32. The kit of any of claims 30-31 , wherein the upstream end and downstream end of the device have a first diameter and are adapted to seal against the wall of the aorta and wherein the upstream end and downstream end are spaced apart from one another, in an axial direction, by a central portion of the device.

33. The kit of any of claims 31-32, wherein the second lumen is arranged in the central portion of the device and the first lumen is arranged in each of the upstream end, the central portion, and the downstream end of the device.

34. The kit of any of claims 31 -33, wherein a central portion of the first lumen arranged in the central portion of the device has a second diameter that is smaller than the first diameter.

35. The kit of any of claims 30-34, wherein the second lumen is arranged radially outside of, relative to a central longitudinal axis of the device, and surrounds at least a portion of the first lumen.

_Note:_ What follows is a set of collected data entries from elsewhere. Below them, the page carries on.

(* The rank function of a U-matroid $U=(E,\mathcal{D},\rho)$ is determined by the set $\mathcal{B}(U)$ and the lattice $\mathcal{D}$ by the formula $\rho(A) = \max\{|A\cap B|: B\in\mathcal{B}(U)\}$ for $A\in\mathcal{D}$.
   Context: A U-matroid is a triple $U=(E,\mathcal{D},\rho)$ where $E$ is finite, $\mathcal{D}\subseteq2^E$ is an accessible distributive lattice of sets (closed under union and intersection, containing $\emptyset$ and $E$, every nonempty member $A$ has some $x\in A$ with $A-x\in\mathcal{D}$), and $\rho:\mathcal{D}\to\mathbb{N}$ satisfies $\rho(\emptyset)=0$, monotonicity, submodularity, and unit increase ($\rho(A\cup e)-\rho(A)\le 1$ when both sets lie in $\mathcal{D}$). Its base polyhedron is $\{\mathbf{x}\in\mathbb{R}^E:\mathbf{x}(A)\le\rho(A)\ \forall A\in\mathcal{D},\ \mathbf{x}(E)=\rho(E)\}$. A basis of $U$ is the support of a vertex of its base polyhedron; $\mathcal{B}(U)$ is the set of bases. Equivalently, each basis arises from a maximal chain $\emptyset=A_0\lessdot\cdots\lessdot A_n=E$ in $\mathcal{D}$ as the set of elements $A_i\setminus A_{i-1}$ with $\rho(A_i)=\rho(A_{i-1})+1$. *)

theory Defs
  imports Complex_Main
begin

definition accessible_distributive_lattice :: "'a set \<Rightarrow> 'a set set \<Rightarrow> bool" where
  "accessible_distributive_lattice E D \<longleftrightarrow>
     finite E \<and> D \<subseteq> Pow E \<and> {} \<in> D \<and> E \<in> D \<and>
     (\<forall>A\<in>D. \<forall>B\<in>D. A \<union> B \<in> D \<and> A \<inter> B \<in> D) \<and>
     (\<forall>A\<in>D. A \<noteq> {} \<longrightarrow> (\<exists>x\<in>A. A - {x} \<in> D))"

definition U_matroid :: "'a set \<Rightarrow> 'a set set \<Rightarrow> ('a set \<Rightarrow> nat) \<Rightarrow> bool" where
  "U_matroid E D \<rho> \<longleftrightarrow>
     accessible_distributive_lattice E D \<and>
     \<rho> {} = 0 \<and>
     (\<forall>A\<in>D. \<forall>B\<in>D. A \<subseteq> B \<longrightarrow> \<rho> A \<le> \<rho> B) \<and>
     (\<forall>A\<in>D. \<forall>B\<in>D. \<rho> (A \<union> B) + \<rho> (A \<inter> B) \<le> \<rho> A + \<rho> B) \<and>
     (\<forall>A\<in>D. \<forall>e. A \<union> {e} \<in> D \<longrightarrow> \<rho> (A \<union> {e}) \<le> \<rho> A + 1)"

text \<open>Base polyhedron in R^E; vectors are functions 'a => real vanishing outside E.\<close>
definition base_polyhedron :: "'a set \<Rightarrow> 'a set set \<Rightarrow> ('a set \<Rightarrow> nat) \<Rightarrow> ('a \<Rightarrow> real) set" where
  "base_polyhedron E D \<rho> =
     {x. (\<forall>e. e \<notin> E \<longrightarrow> x e = 0) \<and>
         (\<forall>A\<in>D. (\<Sum>e\<in>A. x e) \<le> real (\<rho> A)) \<and>
         (\<Sum>e\<in>E. x e) = real (\<rho> E)}"

definition is_vertex :: "('a \<Rightarrow> real) \<Rightarrow> ('a \<Rightarrow> real) set \<Rightarrow> bool" where
  "is_vertex x P \<longleftrightarrow> x \<in> P \<and>
     \<not> (\<exists>y\<in>P. \<exists>z\<in>P. y \<noteq> z \<and> (\<exists>t::real. 0 < t \<and> t < 1 \<and> x = (\<lambda>e. t * y e + (1 - t) * z e)))"

definition support :: "'a set \<Rightarrow> ('a \<Rightarrow> real) \<Rightarrow> 'a set" where
  "support E x = {e\<in>E. x e \<noteq> 0}"

definition bases :: "'a set \<Rightarrow> 'a set set \<Rightarrow> ('a set \<Rightarrow> nat) \<Rightarrow> 'a set set" where
  "bases E D \<rho> = {support E x | x. is_vertex x (base_polyhedron E D \<rho>)}"

end

theory Submission
  imports Defs
begin

text \<open>Every vertex x of the base polyhedron is 0/1-valued. By submodularity the tight sets of x
  form a lattice; for e \<in> E let M be the least tight set containing e and N the largest tight
  subset of M avoiding e. If M contained some f \<noteq> e outside N, no tight set would separate e
  from f, and x could be moved in both directions along the difference of the unit vectors of e
  and f without leaving the polyhedron. Hence M = N + e, and x e = \<rho> M - \<rho> N is 0 or 1 by
  unit increase. So |A \<inter> B| = x(A) \<le> \<rho> A for every basis B = supp x. Conversely, a maximal
  chain of D through A yields the greedy vector, which is a vertex tight on every member of the
  chain, so its support B satisfies |A \<inter> B| = \<rho> A.\<close>

locale accessible_lattice =
  fixes E :: "'a set" and D :: "'a set set"
  assumes finite_ground: "finite E"
    and lattice_subset_Pow: "D \<subseteq> Pow E"
    and empty_in_lattice: "{} \<in> D"
    and ground_in_lattice: "E \<in> D"
    and Un_in_lattice: "S \<in> D \<Longrightarrow> T \<in> D \<Longrightarrow> S \<union> T \<in> D"
    and Int_in_lattice: "S \<in> D \<Longrightarrow> T \<in> D \<Longrightarrow> S \<inter> T \<in> D"
    and accessible: "S \<in> D \<Longrightarrow> S \<noteq> {} \<Longrightarrow> \<exists>x\<in>S. S - {x} \<in> D"

lemma accessible_latticeI:
  "accessible_distributive_lattice E D \<Longrightarrow> accessible_lattice E D"
  unfolding accessible_distributive_lattice_def by unfold_locales auto

text \<open>Such enumerations correspond to the maximal chains
  \<open>\<emptyset> = A\<^sub>0 \<subset> \<dots> \<subset> A\<^sub>n = E\<close> of D, with \<open>A\<^sub>k\<close> the set of the first k elements.\<close>

definition chain_enumeration :: "'a set \<Rightarrow> 'a set set \<Rightarrow> 'a list \<Rightarrow> bool" where
  "chain_enumeration E D es \<longleftrightarrow>
     distinct es \<and> set es = E \<and> (\<forall>k\<le>length es. set (take k es) \<in> D)"

context accessible_lattice
begin

lemma lattice_subset_ground: "S \<in> D \<Longrightarrow> S \<subseteq> E"
  using lattice_subset_Pow by blast

lemma finite_lattice_member: "S \<in> D \<Longrightarrow> finite S"
  using lattice_subset_ground finite_ground by (rule finite_subset)

lemma finite_lattice: "finite D"
  using lattice_subset_Pow finite_ground by (meson finite_Pow_iff finite_subset)

lemma exists_removable_outside:
  assumes "A \<in> D" "S \<in> D" "A \<subset> S"
  shows "\<exists>x\<in>S - A. S - {x} \<in> D"
  using assms
proof (induction "card S" arbitrary: S A rule: less_induct)
  case less
  obtain y where y: "y \<in> S" "S - {y} \<in> D"
    using accessible less.prems by blast
  show ?case
  proof (cases "y \<in> A")
    case False
    with y show ?thesis by blast
  next
    case True
    have "A - {y} = A \<inter> (S - {y})"
      using less.prems by blast
    then have "A - {y} \<in> D"
      using Int_in_lattice less.prems(1) y(2) by simp
    moreover have "card (S - {y}) < card S"
      using finite_lattice_member[OF less.prems(2)] y(1) by (rule card_Diff1_less)
    moreover have "A - {y} \<subset> S - {y}"
      using True less.prems(3) by blast
    ultimately obtain x where x: "x \<in> S - {y} - (A - {y})" "S - {y} - {x} \<in> D"
      using less.hyps[OF _ _ y(2)] by blast
    have "S - {y} - {x} \<union> A = S - {x}"
      using x True less.prems(3) by blast
    then have "S - {x} \<in> D"
      using Un_in_lattice[OF x(2) less.prems(1)] by simp
    with x show ?thesis by blast
  qed
qed

lemma exists_chain_between:
  assumes "A \<in> D" "S \<in> D" "A \<subseteq> S"
  shows "\<exists>ys. distinct ys \<and> set ys = S - A \<and> (\<forall>k\<le>length ys. A \<union> set (take k ys) \<in> D)"
  using assms
proof (induction "card (S - A)" arbitrary: S rule: less_induct)
  case less
  show ?case
  proof (cases "A = S")
    case True
    with less.prems show ?thesis
      by (intro exI[of _ "[]"]) simp
  next
    case False
    then obtain x where x: "x \<in> S - A" "S - {x} \<in> D"
      using exists_removable_outside less.prems by blast
    have "card (S - A - {x}) < card (S - A)"
      using x(1) finite_lattice_member[OF less.prems(2)] by (intro card_Diff1_less) auto
    then have "card (S - {x} - A) < card (S - A)"
      by (metis Diff_insert Diff_insert2)
    moreover have "A \<subseteq> S - {x}"
      using x(1) less.prems(3) by blast
    ultimately obtain ys where ys: "distinct ys" "set ys = S - {x} - A"
      "\<forall>k\<le>length ys. A \<union> set (take k ys) \<in> D"
      using less.hyps[OF _ less.prems(1) x(2)] by blast
    have "A \<union> set (take k (ys @ [x])) \<in> D" if "k \<le> length (ys @ [x])" for k
    proof (cases "k \<le> length ys")
      case True
      with ys(3) show ?thesis by simp
    next
      case False
      with that have "A \<union> set (take k (ys @ [x])) = S"
        using ys(2) x(1) less.prems(3) by auto
      with less.prems(2) show ?thesis by simp
    qed
    moreover have "distinct (ys @ [x])" "set (ys @ [x]) = S - A"
      using ys x by auto
    ultimately show ?thesis by blast
  qed
qed

lemma exists_chain_enumeration_through:
  assumes "A \<in> D"
  shows "\<exists>es. chain_enumeration E D es \<and> set (take (card A) es) = A"
proof -
  obtain ys where ys: "distinct ys" "set ys = A" "\<forall>k\<le>length ys. set (take k ys) \<in> D"
    using exists_chain_between[OF empty_in_lattice assms] by auto
  obtain zs where zs: "distinct zs" "set zs = E - A" "\<forall>k\<le>length zs. A \<union> set (take k zs) \<in> D"
    using exists_chain_between[OF assms ground_in_lattice lattice_subset_ground[OF assms]] by blast
  have length_ys: "length ys = card A"
    using ys distinct_card by fastforce
  have "set (take k (ys @ zs)) \<in> D" if "k \<le> length (ys @ zs)" for k
  proof (cases "k \<le> length ys")
    case True
    with ys(3) show ?thesis by simp
  next
    case False
    then have "set (take k (ys @ zs)) = A \<union> set (take (k - length ys) zs)"
      using ys(2) by simp
    with zs(3) that show ?thesis by simp
  qed
  moreover have "distinct (ys @ zs)" "set (ys @ zs) = E"
    using ys zs lattice_subset_ground[OF assms] by auto
  ultimately show ?thesis
    unfolding chain_enumeration_def using length_ys ys(2)
    by (intro exI[of _ "ys @ zs"]) simp
qed

end

lemma Inter_in_if_Int_closed:
  assumes "finite F" "F \<noteq> {}" "F \<subseteq> C" "\<And>S T. S \<in> C \<Longrightarrow> T \<in> C \<Longrightarrow> S \<inter> T \<in> C"
  shows "\<Inter>F \<in> C"
  using assms(1-3) by (induction F rule: finite_ne_induct) (auto intro: assms(4))

lemma Union_in_if_Un_closed:
  assumes "finite F" "F \<subseteq> C" "{} \<in> C" "\<And>S T. S \<in> C \<Longrightarrow> T \<in> C \<Longrightarrow> S \<union> T \<in> C"
  shows "\<Union>F \<in> C"
  using assms(1,2) by (induction F rule: finite_induct) (auto intro: assms(3,4))

lemma exists_cover_of_separated_point:
  assumes "finite T" "{} \<in> T" "E \<in> T" "e \<in> E"
    and Un_closed: "\<And>S S'. S \<in> T \<Longrightarrow> S' \<in> T \<Longrightarrow> S \<union> S' \<in> T"
    and Int_closed: "\<And>S S'. S \<in> T \<Longrightarrow> S' \<in> T \<Longrightarrow> S \<inter> S' \<in> T"
    and separated: "\<And>f. f \<in> E \<Longrightarrow> f \<noteq> e \<Longrightarrow> \<exists>S\<in>T. \<not> (e \<in> S \<longleftrightarrow> f \<in> S)"
  shows "\<exists>N\<in>T. e \<notin> N \<and> insert e N \<in> T"
proof -
  define M where "M = \<Inter>{S \<in> T. e \<in> S}"
  define N where "N = \<Union>{S \<in> T. S \<subseteq> M \<and> e \<notin> S}"
  have "M \<in> T"
    unfolding M_def using assms(1,3,4) by (intro Inter_in_if_Int_closed Int_closed) auto
  have "N \<in> T"
    unfolding N_def using assms(1,2) by (intro Union_in_if_Un_closed Un_closed) auto
  have "e \<in> M" "N \<subseteq> M" "e \<notin> N"
    unfolding M_def N_def by auto
  have "M = insert e N"
  proof (rule ccontr)
    assume "M \<noteq> insert e N"
    with \<open>e \<in> M\<close> \<open>N \<subseteq> M\<close> obtain f where f: "f \<in> M" "f \<noteq> e" "f \<notin> N"
      by blast
    moreover have "f \<in> E"
      using f(1) assms(3,4) unfolding M_def by blast
    ultimately obtain S where S: "S \<in> T" "\<not> (e \<in> S \<longleftrightarrow> f \<in> S)"
      using separated by blast
    show False
    proof (cases "e \<in> S")
      case True
      with S f(1) show False
        unfolding M_def by blast
    next
      case False
      have "S \<inter> M \<in> {S \<in> T. S \<subseteq> M \<and> e \<notin> S}"
        using Int_closed[OF S(1) \<open>M \<in> T\<close>] False by blast
      then have "S \<inter> M \<subseteq> N"
        unfolding N_def by (rule Union_upper)
      with S(2) False f show False
        by blast
    qed
  qed
  with \<open>N \<in> T\<close> \<open>M \<in> T\<close> \<open>e \<notin> N\<close> show ?thesis
    by blast
qed

lemma finite_positive_lower_bound:
  fixes g :: "'b \<Rightarrow> real"
  assumes "finite F" "\<And>S. S \<in> F \<Longrightarrow> 0 < g S"
  shows "\<exists>\<epsilon>>0. \<forall>S\<in>F. \<epsilon> \<le> g S"
  using assms by (intro exI[of _ "Min (insert 1 (g ` F))"]) auto

lemma convex_combination_attains_bound:
  fixes a b c t :: real
  assumes "0 < t" "t < 1" "a \<le> c" "b \<le> c" "t * a + (1 - t) * b = c"
  shows "a = c \<and> b = c"
proof -
  have "t * a \<le> t * c" "(1 - t) * b \<le> (1 - t) * c"
    using assms by (simp_all add: mult_left_mono)
  moreover have "t * c + (1 - t) * c = c"
    by (simp add: algebra_simps)
  ultimately have "t * a = t * c" "(1 - t) * b = (1 - t) * c"
    using assms(5) by linarith+
  with assms(1,2) show ?thesis by simp
qed

lemma card_Int_support_eq_sum:
  assumes "finite A" "A \<subseteq> E" "\<And>e. e \<in> A \<Longrightarrow> x e = 0 \<or> x e = 1"
  shows "real (card (A \<inter> support E x)) = sum x A"
proof -
  have "sum x A = (\<Sum>e\<in>A. if x e \<noteq> 0 then 1 else 0)"
    using assms(3) by (intro sum.cong) auto
  also have "\<dots> = card {e\<in>A. x e \<noteq> 0}"
    using assms(1) by (simp add: sum.If_cases Int_def)
  also have "{e\<in>A. x e \<noteq> 0} = A \<inter> support E x"
    using assms(2) unfolding support_def by blast
  finally show ?thesis by simp
qed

36. The kit of any of claims 30-35, wherein the implantable device comprises a radially expandable frame including an upstream annular portion arranged at the upstream end, a downstream annular portion arranged at the downstream end, and a central portion arranged between the upstream annular portion and the downstream annular portion, the central portion including at least one narrowed portion that indents radially inward from an outermost circumference of the frame.

37. The kit of claim 36, wherein the frame comprises a plurality of longitudinally arranged struts, relative to a direction of a central longitudinal axis of the device, which are permanently connected to converging wires which converge into a shaft of a delivery apparatus which is configured to extend outside a body of a patient.

38. The kit of any of claims 36-37, wherein the frame comprises a plurality of longitudinally arranged struts, relative to a direction of a central longitudinal axis of the device, which converge at an end of the device into a single wire that is permanently affixed thereto.

39. The kit of any of claims 30-38, wherein the implantable device further comprises an integrated nosecone and guidewire.

40. The kit of claim 39, wherein the integrated nosecone and guidewire are arranged at a first end of the device and wherein the device comprises a radially expandable frame comprising a plurality of longitudinally oriented stmts that converge into a single deliverywire at an opposite, second end of the device.

41 . The kit of any of claims 30-40, further comprising a perfusion lumen fluidly coupled to the second lumen and dimensioned to extend outside a body of a patient.

42. The use of histamine for local administration to a region of aortic branches that perfuse the spinal cord of a patient to facilitate delivery of an an active agent to the spinal cord of the patient.